Edited by angryman2009, 13 March 2009 - 12:50 AM.

For Removal through an Antivirus Download And Install Malwarebytes And update and run quick scan

Here are the manual removal instructions:

Edited by garmanma, 13 March 2009 - 08:28 PM.
Remove reg fixes

Here is the MBAM log. Is laptop clear now?

Malwarebytes' Anti-Malware 1.34
Database version: 1842
Windows 5.1.2600 Service Pack 3

3/13/2009 2:37:55 AM
mbam-log-2009-03-13 (02-37-55).txt

Scan type: Quick Scan
Objects scanned: 72273
Time elapsed: 6 minute(s), 9 second(s)

Memory Processes Infected: 0
Memory Modules Infected: 0
Registry Keys Infected: 0
Registry Values Infected: 1
Registry Data Items Infected: 1
Folders Infected: 2
Files Infected: 7

Memory Processes Infected:
(No malicious items detected)

Memory Modules Infected:
(No malicious items detected)

Registry Keys Infected:
(No malicious items detected)

Registry Values Infected:
HKEY_CURRENT_USER\SOFTWARE\Microsoft\Windows\CurrentVersion\Run\5738b8b0b3c21afad88d432ca717a817 (Rogue.A360Antivirus) -> Quarantined and deleted successfully.

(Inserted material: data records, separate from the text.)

lemma probs_seq_compact:
  fixes K :: "'a::metric_space set" and \<gamma>s :: "nat \<Rightarrow> 'a measure"
  assumes K: "compact K" and \<gamma>s: "\<And>n. \<gamma>s n \<in> probs K"
  obtains r \<gamma> where "strict_mono r" "\<gamma> \<in> probs K" "weak_star_conv K (\<gamma>s \<circ> r) \<gamma>"
proof -
  obtain c :: "'a \<Rightarrow> real" where c_meas: "c \<in> borel_measurable borel" and c01: "\<And>x. c x \<in> {0..1}"
    and c_sep: "\<And>e. e > 0 \<Longrightarrow> \<exists>\<delta>>0. \<forall>x\<in>K. \<forall>x'\<in>K. dist (c x) (c x') < \<delta> \<longrightarrow> dist x x' < e"
    by (rule compact_borel_code[OF K]) blast
  define Q where "Q = closure (c ` K)"
  obtain d where d: "continuous_on Q d" "d ` Q \<subseteq> K" "\<And>x. x \<in> K \<Longrightarrow> d (c x) = x"
    using continuous_inverse_on_closure_image[OF K c_sep] unfolding Q_def by auto
  have "bounded (c ` K)" using c01 by (intro bounded_subset[OF bounded_cbox[of 0 1]]) auto
  then have Q: "compact Q" unfolding Q_def by (simp add: compact_closure)
  have c: "c \<in> measurable (restrict_space borel K) (restrict_space borel Q)"
  proof (rule measurable_restrict_space2)
    show "c \<in> borel_measurable (restrict_space borel K)" by (rule measurable_restrict_space1[OF c_meas])
    show "c \<in> space (restrict_space borel K) \<rightarrow> Q"
    proof
      fix x assume "x \<in> space (restrict_space borel K)"
      then have "x \<in> K" by (simp add: space_restrict_space)
      then show "c x \<in> Q" unfolding Q_def by (rule closure_subset[THEN subsetD, OF imageI])
    qed
  qed
  define \<nu> where "\<nu> n = distr (\<gamma>s n) (restrict_space borel Q) c" for n
  have \<nu>: "\<nu> n \<in> probs Q" for n unfolding \<nu>_def by (rule distr_probs[OF \<gamma>s c])
  obtain r \<mu> where r: "strict_mono r" and \<mu>: "\<mu> \<in> probs Q" and lim: "weak_star_conv Q (\<nu> \<circ> r) \<mu>"
    by (rule probs_real_seq_compact[of Q \<nu>, OF Q \<nu>]) blast
  have "distr \<mu> (restrict_space borel K) d \<in> probs K"
    by (rule distr_probs[OF \<mu> measurable_restrict_space_continuous_on[OF d(1,2)]])
  moreover have "weak_star_conv K (\<gamma>s \<circ> r) (distr \<mu> (restrict_space borel K) d)"
    using lim unfolding \<nu>_def o_def by (intro weak_star_conv_distr_left_inverse[OF \<gamma>s \<mu> c d])
  ultimately show ?thesis using r that by blast
qed

lemma Liminf_at_right_0_less_sequence:
  fixes F :: "real \<Rightarrow> 'b::complete_linorder"
  assumes "Liminf (at_right 0) F < c"
  obtains \<epsilon>s where "\<And>k. 0 < \<epsilon>s k" "\<epsilon>s \<longlonglongrightarrow> 0" "\<And>k. F (\<epsilon>s k) < c"
proof -
  obtain y where "y < c" and not_ev: "\<not> eventually (\<lambda>\<epsilon>. y < F \<epsilon>) (at_right 0)"
    using assms unfolding not_le[symmetric] le_Liminf_iff by blast
  have "\<exists>\<epsilon>. 0 < \<epsilon> \<and> \<epsilon> < inverse (Suc k) \<and> F \<epsilon> \<le> y" for k
    using not_ev unfolding eventually_at_right_field
    by (metis inverse_positive_iff_positive not_le of_nat_0_less_iff zero_less_Suc)
  then obtain \<epsilon>s where \<epsilon>s: "\<And>k. 0 < \<epsilon>s k \<and> \<epsilon>s k < inverse (Suc k) \<and> F (\<epsilon>s k) \<le> y"
    by metis
  have "\<epsilon>s \<longlonglongrightarrow> 0"
  proof (rule tendsto_sandwich[OF _ _ tendsto_const LIMSEQ_inverse_real_of_nat])
    show "\<forall>\<^sub>F k in sequentially. 0 \<le> \<epsilon>s k" "\<forall>\<^sub>F k in sequentially. \<epsilon>s k \<le> inverse (Suc k)"
      using \<epsilon>s by (simp_all add: less_imp_le)
  qed
  moreover have "F (\<epsilon>s k) < c" for k using \<epsilon>s \<open>y < c\<close> by (meson le_less_trans)
  ultimately show ?thesis using that \<epsilon>s by blast
qed

lemma limsup_D_di_seq_compact:
  assumes K: "compact (U \<times> Y \<times> Z)"
    and \<epsilon>s: "\<And>k. 0 < \<epsilon>s k" "\<epsilon>s \<longlonglongrightarrow> 0"
    and \<gamma>s: "\<And>k. \<gamma>s k \<in> D_di U Y Z f g C (\<epsilon>s k) y0 z0"
  obtains r \<gamma> where "strict_mono r" "\<gamma> \<in> limsup_D_di U Y Z f g C y0 z0"
    "weak_star_conv (U \<times> Y \<times> Z) (\<gamma>s \<circ> r) \<gamma>"
proof -
  have \<gamma>s_probs: "\<gamma>s k \<in> probs (U \<times> Y \<times> Z)" for k using \<gamma>s unfolding D_di_def by blast
  obtain r \<gamma> where r: "strict_mono r" and \<gamma>: "\<gamma> \<in> probs (U \<times> Y \<times> Z)"
    and lim: "weak_star_conv (U \<times> Y \<times> Z) (\<gamma>s \<circ> r) \<gamma>"
    by (rule probs_seq_compact[of _ \<gamma>s, OF K \<gamma>s_probs]) blast
  have "\<gamma> \<in> limsup_D_di U Y Z f g C y0 z0"
    unfolding limsup_D_di_def
  proof (intro CollectI conjI \<gamma> exI[of _ "\<epsilon>s \<circ> r"] exI[of _ "\<gamma>s \<circ> r"] allI lim)
    show "0 < (\<epsilon>s \<circ> r) k" for k using \<epsilon>s(1) by simp
    show "(\<epsilon>s \<circ> r) \<longlonglongrightarrow> 0" using LIMSEQ_subseq_LIMSEQ[OF \<epsilon>s(2) r] .
    show "(\<gamma>s \<circ> r) k \<in> D_di U Y Z f g C ((\<epsilon>s \<circ> r) k) y0 z0" for k using \<gamma>s by simp
  qed
  with r lim show ?thesis using that by blast
qed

Registry Data Items Infected:
HKEY_CURRENT_USER\SOFTWARE\Microsoft\Windows\CurrentVersion\Explorer\Advanced\StartMenuLogOff (Hijack.StartMenu) -> Bad: (1) Good: (0) -> Quarantined and deleted successfully.

Folders Infected:
C:\Program Files\A360 (Rogue.A360Antivirus) -> Quarantined and deleted successfully.
C:\Documents and Settings\Stacey Gadsden\Start Menu\A360 (Rogue.A360Antivirus) -> Quarantined and deleted successfully.

Files Infected:
C:\Program Files\A360\av360.exe (Rogue.A360Antivirus) -> Quarantined and deleted successfully.
C:\Documents and Settings\Stacey Gadsden\Start Menu\A360\A360.lnk (Rogue.A360Antivirus) -> Quarantined and deleted successfully.
C:\Documents and Settings\Stacey Gadsden\Start Menu\A360\Help.lnk (Rogue.A360Antivirus) -> Quarantined and deleted successfully.
C:\Documents and Settings\Stacey Gadsden\Start Menu\A360\Registration.lnk (Rogue.A360Antivirus) -> Quarantined and deleted successfully.
C:\Documents and Settings\Stacey Gadsden\Desktop\A360.lnk (Rogue.Antivirus360) -> Quarantined and deleted successfully.
C:\Documents and Settings\Stacey Gadsden\Application Data\Microsoft\Internet Explorer\Quick Launch\A360.lnk (Rogue.Antivirus360) -> Quarantined and deleted successfully.
C:\Program Files\Common Files\System\Uninstall\Uninstall A360.lnk (Rogue.av360) -> Quarantined and deleted successfully.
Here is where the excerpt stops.